== Segment start ==

(* Let $\mathcal G=(\mathcal N,E)$ be an undirected graph on $N$ nodes with adjacency-type matrix $A$ and maximal degree $d_{\max}$ (defined in the context), and let $x^\star$ be any solution of $$\min_{x\in\mathbb R^N}\mathbf 1^\top x\quad\text{s.t.}\quad Ax\ge\mathbf 1,\ x\ge 0.$$ Run Algorithm 1 (described in the context) with $\delta=\epsilon$ and $\alpha=\frac{\delta}{2(d_{\max}+1)^2}$, where $\epsilon>0$. Then the $(1+\epsilon)$-approximation ratio $\frac{\mathbf 1^\top x^{(K_\epsilon)}-\mathbf 1^\top x^\star}{\mathbf 1^\top x^\star}\le\epsilon$ is achieved after $K_\epsilon=O\big(d_{\max}^{3/2}/\epsilon\big)$ iterations; precisely, there is an absolute constant $C>0$ such that for all $\epsilon\in(0,1]$ and all such graphs the ratio holds for every $k\ge C\,(d_{\max}+1)^{3/2}/\epsilon$.
   Context: $A$ is the $N\times N$ symmetric matrix with $A_{ii}=1$ for all $i$ and, for $i\ne j$, $A_{ij}=1$ if $\{i,j\}\in E$, $A_{ij}=0$ otherwise. $\Omega_i$ is the closed one-hop neighborhood of node $i$ (its neighbors together with $i$). $d_{\max}$ is the maximal degree of $\mathcal G$, where the degree of $i$ is its number of neighbors excluding $i$, i.e. $|\Omega_i|-1$. $\mathbf 1$ is the all-ones vector, $[c]_+=\max\{0,c\}$, and $\mathcal P_{[0,1]}(c)=\min\{1,\max\{0,c\}\}$. Algorithm 1: initialize $\lambda_i^{(0)}=0$ and $z_i^{(-1)}=0$ for all $i$ (the value of $\overline x_j^{(-1)}$ is irrelevant since it is multiplied by $0$). For $k=0,1,2,\dots$, each node $i$ computes $$\widehat x_i^{(k)}=\mathcal P_{[0,1]}\Big(\tfrac1\delta\big(\textstyle\sum_{j\in\Omega_i}\lambda_j^{(k)}-1\big)\Big),$$ and then $$z_i^{(k)}=z_i^{(k-1)}+\tfrac{k+1}{2}\Big(1-\textstyle\sum_{j\in\Omega_i}\widehat x_j^{(k)}\Big),\qquad \mu_i^{(k)}=\Big[\lambda_i^{(k)}+\alpha\big(1-\textstyle\sum_{j\in\Omega_i}\widehat x_j^{(k)}\big)\Big]_+,$$ $$\lambda_i^{(k+1)}=\tfrac{k+1}{k+3}\mu_i^{(k)}+\tfrac{2}{k+3}\,\alpha\,[z_i^{(k)}]_+,\qquad \overline x_j^{(k)}=\tfrac{k}{k+2}\overline x_j^{(k-1)}+\tfrac{2}{k+2}\widehat x_j^{(k)},$$ $$x_i^{(k)}=\overline x_i^{(k)}+\Big[1-\textstyle\sum_{j\in\Omega_i}\overline x_j^{(k)}\Big]_+ .$$ *)

theory Defs
  imports Complex_Main
begin

definition simple_graph :: "nat \<Rightarrow> nat set set \<Rightarrow> bool" where
  "simple_graph N E \<longleftrightarrow> (\<forall>e\<in>E. \<exists>i j. i < N \<and> j < N \<and> i \<noteq> j \<and> e = {i, j})"

definition adjA :: "nat set set \<Rightarrow> nat \<Rightarrow> nat \<Rightarrow> real" where
  "adjA E i j = (if i = j \<or> {i, j} \<in> E then 1 else 0)"

definition nbhd :: "nat \<Rightarrow> nat set set \<Rightarrow> nat \<Rightarrow> nat set" where
  "nbhd N E i = {j. j < N \<and> (j = i \<or> {i, j} \<in> E)}"

definition dmax :: "nat \<Rightarrow> nat set set \<Rightarrow> nat" where
  "dmax N E = Max ((\<lambda>i. card (nbhd N E i) - 1) ` {..<N})"

definition lp_feasible :: "nat \<Rightarrow> nat set set \<Rightarrow> (nat \<Rightarrow> real) \<Rightarrow> bool" where
  "lp_feasible N E x \<longleftrightarrow>
     (\<forall>i<N. (\<Sum>j<N. adjA E i j * x j) \<ge> 1) \<and> (\<forall>i<N. x i \<ge> 0)"

definition lp_optimal :: "nat \<Rightarrow> nat set set \<Rightarrow> (nat \<Rightarrow> real) \<Rightarrow> bool" where
  "lp_optimal N E x \<longleftrightarrow> lp_feasible N E x \<and>
     (\<forall>y. lp_feasible N E y \<longrightarrow> (\<Sum>i<N. x i) \<le> (\<Sum>i<N. y i))"

definition proj01 :: "real \<Rightarrow> real" where
  "proj01 c = min 1 (max 0 c)"

definition pospart :: "real \<Rightarrow> real" where
  "pospart c = max 0 c"

text \<open>alg_state N E delta alpha k = (lambda^(k), z^(k-1), xbar^(k-1)).\<close>
fun alg_state :: "nat \<Rightarrow> nat set set \<Rightarrow> real \<Rightarrow> real \<Rightarrow> nat \<Rightarrow>
    (nat \<Rightarrow> real) \<times> (nat \<Rightarrow> real) \<times> (nat \<Rightarrow> real)" where
  "alg_state N E \<delta> \<alpha> 0 = ((\<lambda>_. 0), (\<lambda>_. 0), (\<lambda>_. 0))"
| "alg_state N E \<delta> \<alpha> (Suc k) =
     (let (lam, z, xb) = alg_state N E \<delta> \<alpha> k;
          xh = (\<lambda>i. proj01 ((1 / \<delta>) * ((\<Sum>j\<in>nbhd N E i. lam j) - 1)));
          r = (\<lambda>i. 1 - (\<Sum>j\<in>nbhd N E i. xh j));
          z' = (\<lambda>i. z i + (real k + 1) / 2 * r i);
          \<mu> = (\<lambda>i. pospart (lam i + \<alpha> * r i));
          lam' = (\<lambda>i. (real k + 1) / (real k + 3) * \<mu> i
                      + 2 / (real k + 3) * \<alpha> * pospart (z' i));
          xb' = (\<lambda>j. real k / (real k + 2) * xb j + 2 / (real k + 2) * xh j)
      in (lam', z', xb'))"

definition alg_x :: "nat \<Rightarrow> nat set set \<Rightarrow> real \<Rightarrow> real \<Rightarrow> nat \<Rightarrow> nat \<Rightarrow> real" where
  "alg_x N E \<delta> \<alpha> k i =
     (let xb = snd (snd (alg_state N E \<delta> \<alpha> (Suc k)))
      in xb i + pospart (1 - (\<Sum>j\<in>nbhd N E i. xb j)))"

end

theory Submission
  imports Defs "HOL-Analysis.Convex"
begin

text \<open>
  Algorithm 1 is Nesterov's accelerated projected gradient ascent on the dual of the regularised
  problem: minimise 1^T x + \<delta>/2 |x|^2 over x \<in> [0,1]^N subject to Ax \<ge> 1.  Its dual function \<phi>
  is concave with a (d_max+1)^2/\<delta>-Lipschitz gradient, because every row of A has at most d_max+1
  ones.  With weights a_t = (t+1)/2 and A_k = a_0 + ... + a_k, an estimate-sequence argument shows
  that for every l \<ge> 0 the weighted linear model
  \<Sum>_{t\<le>k} a_t (\<phi>(\<lambda>_t) + \<langle>\<nabla>\<phi>(\<lambda>_t), l - \<lambda>_t\<rangle>) - |l|^2/(2\<alpha>) is at most A_k \<phi>(\<mu>_k),
  and \<phi> \<le> (1+\<delta>/2) OPT by weak duality.  Taking for l the indicator of the constraints violated by
  the averaged primal point xbar bounds the cost of xbar together with its repair [1 - A xbar]_+ by
  (1+\<delta>/2) OPT + N/(2\<alpha> A_k).  Since OPT \<ge> N/(d_max+1) and A_k \<ge> k^2/4, the additive error is at
  most \<epsilon> OPT once k \<ge> 3 (d_max+1)^(3/2)/\<epsilon>.
\<close>

lemma nbhd_subset_lessThan: "nbhd N E i \<subseteq> {..<N}"
  by (auto simp: nbhd_def)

== Segment end ==

Exactly the lines from the one containing "estimate-sequence argument shows" through the final line above, and only those, should be given again.

  ones.  With weights a_t = (t+1)/2 and A_k = a_0 + ... + a_k, an estimate-sequence argument shows
  that for every l \<ge> 0 the weighted linear model
  \<Sum>_{t\<le>k} a_t (\<phi>(\<lambda>_t) + \<langle>\<nabla>\<phi>(\<lambda>_t), l - \<lambda>_t\<rangle>) - |l|^2/(2\<alpha>) is at most A_k \<phi>(\<mu>_k),
  and \<phi> \<le> (1+\<delta>/2) OPT by weak duality.  Taking for l the indicator of the constraints violated by
  the averaged primal point xbar bounds the cost of xbar together with its repair [1 - A xbar]_+ by
  (1+\<delta>/2) OPT + N/(2\<alpha> A_k).  Since OPT \<ge> N/(d_max+1) and A_k \<ge> k^2/4, the additive error is at
  most \<epsilon> OPT once k \<ge> 3 (d_max+1)^(3/2)/\<epsilon>.
\<close>

lemma nbhd_subset_lessThan: "nbhd N E i \<subseteq> {..<N}"
  by (auto simp: nbhd_def)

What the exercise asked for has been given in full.